Be Loved by the Church
The week of my confession, my pastor invited me to confess my sin to our congregation at an evening service. I was terrified of being perceived as the sinner I pretended not to be. But God gave me strength, and afterward, I was approached by a girl at a nearby university who was also struggling with cheating in her physics class.
After her, a woman in her 70s came up to me and reminded me of God’s love and told me this was once her story too. And a young couple shared their struggle with financial integrity, saying my confession encouraged them to bring their sin into the light.
The way you honor Jesus in your classwork now will set you up for all of life.
What that night revealed to me is that in my lowest moment, not only did I need Christ, but I also needed the church.
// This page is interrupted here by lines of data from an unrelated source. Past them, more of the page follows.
(* Almost all graphs $G$ have a $\chi_{harm}$-mate; i.e. the harmonious polynomial $\chi_{harm}$ is weakly distinguishing.
   Context: All graphs are finite and simple. For $k\in\mathbb{N}$, a harmonious colouring of $G$ with $k$ colours is a map $f:V(G)\to[k]$ that is a proper colouring and such that for all $i,j\in[k]$ the induced subgraph $G[f^{-1}(i)\cup f^{-1}(j)]$ has at most one edge. $\chi_{harm}(G;\lambda)$ denotes the number of harmonious colourings of $G$ with $\lambda$ colours; it is a polynomial in $\lambda$. For a graph polynomial $P$, $H$ is a $P$-mate of $G$ if $P(G)=P(H)$ but $H\not\cong G$; $G$ is $P$-unique if it has no $P$-mate. Let $\mathcal{G}(n)$ be the set of isomorphism classes of graphs on $n$ vertices and $U_P(n)$ the set of $P$-unique graphs in $\mathcal{G}(n)$; $P$ is weakly distinguishing if $\lim_{n\to\infty}|U_P(n)|/|\mathcal{G}(n)|=0$. *)

theory Defs
  imports Complex_Main "HOL-Library.FuncSet"
begin

definition graphs :: "nat \<Rightarrow> nat set set set" where
  "graphs n = {E. E \<subseteq> {{u, v} | u v. u < n \<and> v < n \<and> u \<noteq> v}}"

definition graph_iso :: "nat \<Rightarrow> nat set set \<Rightarrow> nat \<Rightarrow> nat set set \<Rightarrow> bool" where
  "graph_iso n E m F \<longleftrightarrow> (\<exists>p. bij_betw p {0..<n} {0..<m} \<and> (\<lambda>e. p ` e) ` E = F)"

definition harmonious :: "nat \<Rightarrow> nat set set \<Rightarrow> nat \<Rightarrow> (nat \<Rightarrow> nat) \<Rightarrow> bool" where
  "harmonious n E k f \<longleftrightarrow>
     f \<in> {0..<n} \<rightarrow>\<^sub>E {0..<k} \<and>
     (\<forall>u v. {u, v} \<in> E \<longrightarrow> f u \<noteq> f v) \<and>
     (\<forall>i<k. \<forall>j<k. card {e \<in> E. e \<subseteq> {x \<in> {0..<n}. f x = i \<or> f x = j}} \<le> 1)"

definition harm_count :: "nat \<Rightarrow> nat set set \<Rightarrow> nat \<Rightarrow> nat" where
  "harm_count n E k = card {f. harmonious n E k f}"

text \<open>chi_harm(G) = chi_harm(H) as polynomials, i.e. equal at every natural lambda.\<close>
definition harm_eq :: "nat \<Rightarrow> nat set set \<Rightarrow> nat \<Rightarrow> nat set set \<Rightarrow> bool" where
  "harm_eq n E m F \<longleftrightarrow> (\<forall>k. harm_count n E k = harm_count m F k)"

definition harm_unique :: "nat \<Rightarrow> nat set set \<Rightarrow> bool" where
  "harm_unique n E \<longleftrightarrow>
     (\<forall>m F. F \<in> graphs m \<and> harm_eq n E m F \<longrightarrow> graph_iso n E m F)"

definition iso_classes :: "nat \<Rightarrow> nat set set set set" where
  "iso_classes n = graphs n // {(E, F). E \<in> graphs n \<and> F \<in> graphs n \<and> graph_iso n E n F}"

definition unique_classes :: "nat \<Rightarrow> nat set set set set" where
  "unique_classes n = {C \<in> iso_classes n. \<forall>E \<in> C. harm_unique n E}"

end

theory Submission
  imports Defs "HOL-Combinatorics.Permutations" "HOL-Real_Asymp.Real_Asymp"
begin

text \<open>
  If every two vertices of G are adjacent or have a common neighbour, then two vertices of the
  same colour in a harmonious colouring would either be adjacent or give two edges between the
  same two colour classes; so the harmonious colourings of G are exactly the injective maps, and
  all such graphs on n vertices share chi_harm. Hence at most one of their isomorphism classes is
  chi_harm-unique, and it suffices to show that the other classes are a vanishing fraction of
  the at least 2^N / n! classes, where N = n choose 2.

  Weighting each class by the automorphism groups of its members (orbit-stabiliser), n! times
  the number of these classes is at most the number of graphs in which some two vertices have
  no common neighbour, which is at most n^2 (3/4)^(n-2) 2^N, plus the number of pairs (s, G) of
  a non-identity permutation s and a graph G fixed by s. If s moves m vertices, a greedy choice
  gives a set D of at least m n / 24 vertex pairs disjoint from its image under s; a graph fixed
  by s contains e iff it contains s ` e, so s fixes at most 2^(N - m n / 24) graphs. As at most
  n^(2m) permutations move m vertices, the second term is at most n^3 2^(-n/24) 2^N.
\<close>

section \<open>Graphs and the action of vertex permutations\<close>

definition vertex_pairs :: "nat \<Rightarrow> nat set set" where
  "vertex_pairs n = {{u, v} | u v. u < n \<and> v < n \<and> u \<noteq> v}"

lemma graphs_eq_Pow: "graphs n = Pow (vertex_pairs n)"
  unfolding graphs_def vertex_pairs_def by auto

lemma vertex_pairs_eq: "vertex_pairs n = {e. e \<subseteq> {0..<n} \<and> card e = 2}"
  unfolding vertex_pairs_def card_2_iff by (auto; blast)

lemma doubleton_in_vertex_pairs: "u < n \<Longrightarrow> v < n \<Longrightarrow> u \<noteq> v \<Longrightarrow> {u, v} \<in> vertex_pairs n"
  unfolding vertex_pairs_def by blast

lemma finite_vertex_pairs: "finite (vertex_pairs n)"
  unfolding vertex_pairs_eq by (rule finite_subset[of _ "Pow {0..<n}"]) auto

lemma card_vertex_pairs: "card (vertex_pairs n) = n choose 2"
  unfolding vertex_pairs_eq using n_subsets[of "{0..<n}" 2] by simp

lemma finite_graphs: "finite (graphs n)"
  by (simp add: graphs_eq_Pow finite_vertex_pairs)

lemma card_graphs: "card (graphs n) = 2 ^ card (vertex_pairs n)"
  by (simp add: graphs_eq_Pow finite_vertex_pairs card_Pow)

lemma finite_graph: "E \<in> graphs n \<Longrightarrow> finite E"
  using finite_vertex_pairs by (auto simp: graphs_eq_Pow intro: finite_subset)

lemma edge_in_graphsD: "E \<in> graphs n \<Longrightarrow> e \<in> E \<Longrightarrow> e \<subseteq> {0..<n} \<and> card e = 2"
  by (auto simp: graphs_eq_Pow vertex_pairs_eq)

lemma doubleton_in_graphsD: "E \<in> graphs n \<Longrightarrow> {u, v} \<in> E \<Longrightarrow> u < n \<and> v < n \<and> u \<noteq> v"
  by (auto simp: graphs_def doubleton_eq_iff)

definition permute_graph :: "(nat \<Rightarrow> nat) \<Rightarrow> nat set set \<Rightarrow> nat set set" where
  "permute_graph p E = (\<lambda>e. p ` e) ` E"

lemma permute_graph_id: "permute_graph id E = E"
  by (simp add: permute_graph_def)

lemma permute_graph_comp: "permute_graph (p \<circ> q) E = permute_graph p (permute_graph q E)"
  by (simp add: permute_graph_def image_comp)

lemma permute_graph_inv: "p permutes S \<Longrightarrow> permute_graph (inv p) (permute_graph p E) = E"
  by (metis permute_graph_comp permute_graph_id permutes_inv_o(2))

lemma image_in_permute_graph_iff: "inj p \<Longrightarrow> p ` e \<in> permute_graph p E \<longleftrightarrow> e \<in> E"
  by (auto simp: permute_graph_def inj_image_eq_iff)

lemma image_in_vertex_pairs:
  assumes "p permutes {0..<n}" and "e \<in> vertex_pairs n"
  shows "p ` e \<in> vertex_pairs n"
proof -
  have "p ` e \<subseteq> p ` {0..<n}" and "card (p ` e) = card e"
    using assms by (auto simp: vertex_pairs_eq card_image inj_on_subset[OF permutes_inj])
  with assms show ?thesis
    by (simp add: vertex_pairs_eq permutes_image)
qed

lemma permute_graph_in_graphs: "p permutes {0..<n} \<Longrightarrow> E \<in> graphs n \<Longrightarrow> permute_graph p E \<in> graphs n"
  by (auto simp: graphs_eq_Pow permute_graph_def image_in_vertex_pairs)

lemma graph_iso_iff_permute_graph:
  assumes "E \<in> graphs n"
  shows "graph_iso n E n F \<longleftrightarrow> (\<exists>p. p permutes {0..<n} \<and> permute_graph p E = F)"
proof
  assume "graph_iso n E n F"
  then obtain p where p: "bij_betw p {0..<n} {0..<n}" and F: "permute_graph p E = F"
    unfolding graph_iso_def permute_graph_def by blast
  define q where "q x = (if x < n then p x else x)" for x
  have "bij_betw q {0..<n} {0..<n}"
    using p by (rule bij_betw_cong[THEN iffD1, rotated]) (simp add: q_def)
  then have "q permutes {0..<n}"
    by (rule bij_imp_permutes) (simp add: q_def)
  moreover have "permute_graph q E = permute_graph p E"
    unfolding permute_graph_def
    using edge_in_graphsD[OF assms] by (intro image_cong refl) (force simp: q_def)
  ultimately show "\<exists>p. p permutes {0..<n} \<and> permute_graph p E = F"
    using F by blast
next
  assume "\<exists>p. p permutes {0..<n} \<and> permute_graph p E = F"
  then show "graph_iso n E n F"
    unfolding graph_iso_def permute_graph_def using permutes_imp_bij by blast
qed

definition iso_rel :: "nat \<Rightarrow> (nat set set \<times> nat set set) set" where
  "iso_rel n = {(E, F). E \<in> graphs n \<and> F \<in> graphs n \<and> graph_iso n E n F}"

lemma iso_classes_eq: "iso_classes n = graphs n // iso_rel n"
  by (simp add: iso_classes_def iso_rel_def)

lemma iso_rel_iff:
  "(E, F) \<in> iso_rel n \<longleftrightarrow> E \<in> graphs n \<and> (\<exists>p. p permutes {0..<n} \<and> permute_graph p E = F)"
  unfolding iso_rel_def using graph_iso_iff_permute_graph permute_graph_in_graphs by blast

lemma equiv_iso_rel: "equiv (graphs n) (iso_rel n)"
proof (rule equivI)
  show "iso_rel n \<subseteq> graphs n \<times> graphs n"
    by (auto simp: iso_rel_def)
  show "refl_on (graphs n) (iso_rel n)"
    by (rule refl_onI) (auto simp: iso_rel_iff intro!: exI[of _ id] permute_graph_id)
  show "sym (iso_rel n)"
  proof (rule symI)
    fix E F assume "(E, F) \<in> iso_rel n"
    then obtain p where "E \<in> graphs n" "p permutes {0..<n}" "F = permute_graph p E"
      by (auto simp: iso_rel_iff)
    then show "(F, E) \<in> iso_rel n"
      by (auto simp: iso_rel_iff permute_graph_in_graphs permute_graph_inv
          intro!: exI[of _ "inv p"] permutes_inv)
  qed
  show "trans (iso_rel n)"
  proof (rule transI)
    fix E F G assume "(E, F) \<in> iso_rel n" "(F, G) \<in> iso_rel n"
    then obtain p q where "E \<in> graphs n" "p permutes {0..<n}" "q permutes {0..<n}"
      and "F = permute_graph p E" "G = permute_graph q F"
      by (auto simp: iso_rel_iff)
    then show "(E, G) \<in> iso_rel n"
      by (auto simp: iso_rel_iff permute_graph_comp intro!: exI[of _ "q \<circ> p"] permutes_compose)
  qed
qed

lemma iso_class_eq_orbit:
  assumes "C \<in> iso_classes n" and "G \<in> C"
  shows "C = (\<lambda>p. permute_graph p G) ` {p. p permutes {0..<n}}"
proof -
  obtain E where "E \<in> graphs n" and C: "C = iso_rel n `` {E}"
    using assms(1) unfolding iso_classes_eq by (rule quotientE)
  with assms(2) have EG: "(E, G) \<in> iso_rel n"
    by simp
  then have "C = iso_rel n `` {G}"
    using C equiv_class_eq[OF equiv_iso_rel] by metis
  moreover have "G \<in> graphs n"
    using EG by (simp add: iso_rel_def)
  ultimately show ?thesis
    by (auto simp: iso_rel_iff)
qed

lemma iso_class_subset_graphs: "C \<in> iso_classes n \<Longrightarrow> C \<subseteq> graphs n"
  unfolding iso_classes_eq using equiv_iso_rel by (rule in_quotient_imp_subset)

lemma iso_class_nonempty: "C \<in> iso_classes n \<Longrightarrow> C \<noteq> {}"
  unfolding iso_classes_eq using equiv_iso_rel by (rule in_quotient_imp_non_empty)

lemma finite_iso_classes: "finite (iso_classes n)"
  unfolding iso_classes_eq by (rule finite_quotient[OF finite_graphs equiv_type[OF equiv_iso_rel]])

lemma finite_iso_class: "C \<in> iso_classes n \<Longrightarrow> finite C"
  using finite_graphs iso_class_subset_graphs by (rule finite_subset[rotated])

lemma card_iso_class_le_fact:
  assumes "C \<in> iso_classes n"
  shows "card C \<le> fact n"
proof -
  obtain G where "G \<in> C"
    using iso_class_nonempty[OF assms] by blast
  then have "card C \<le> card {p. p permutes {0..<n}}"
    using iso_class_eq_orbit[OF assms] card_image_le finite_permutations by (metis finite_atLeastLessThan)
  then show ?thesis
    by (simp add: card_permutations)
qed

lemma card_graphs_le_card_iso_classes_mult_fact:
  "2 ^ card (vertex_pairs n) \<le> card (iso_classes n) * fact n"
proof -
  have "2 ^ card (vertex_pairs n) = card (\<Union>(iso_classes n))"
    using Union_quotient[OF equiv_iso_rel] by (simp add: iso_classes_eq card_graphs)
  also have "\<dots> \<le> sum card (iso_classes n)"
    by (rule card_Union_le_sum_card)
  also have "\<dots> \<le> card (iso_classes n) * fact n"
    using sum_bounded_above[of "iso_classes n" card "fact n"] card_iso_class_le_fact by simp
  finally show ?thesis .
qed

definition automorphisms :: "nat \<Rightarrow> nat set set \<Rightarrow> (nat \<Rightarrow> nat) set" where
  "automorphisms n G = {p. p permutes {0..<n} \<and> permute_graph p G = G}"

lemma finite_automorphisms: "finite (automorphisms n G)"
  unfolding automorphisms_def using finite_permutations[of "{0..<n}"] by simp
And friend, you need the church too. We need to see other people’s repentance and to encourage them with our own. We need to invite others to speak into our struggles, whether AI usage or something else. Your brothers and sisters in Christ will not see you as the world does—instead, they’ll help you toward heaven.
Be known and loved by the young, old, married, single, widowed, sick, joyful, and sorrowful. We cannot handle AI––or any other temptation––otherwise.
Find Joy in Obedience
After a few months of trial, the honor council delivered its verdict. It came as a private letter and was destroyed at graduation. The transcript possessed a simple reflection: “Zach became a Christian more or less a year ago . . . and admitted his errors because he wanted to honor Christ.”
Joyfully cross-bearing for Jesus displays his worth before a comfort-loving culture that mocks costly obedience. Let your light shine boldly before others, so that even when they speak against you, they may see your good deeds and glorify God (1 Pet. 2:12; Matt. 5:16).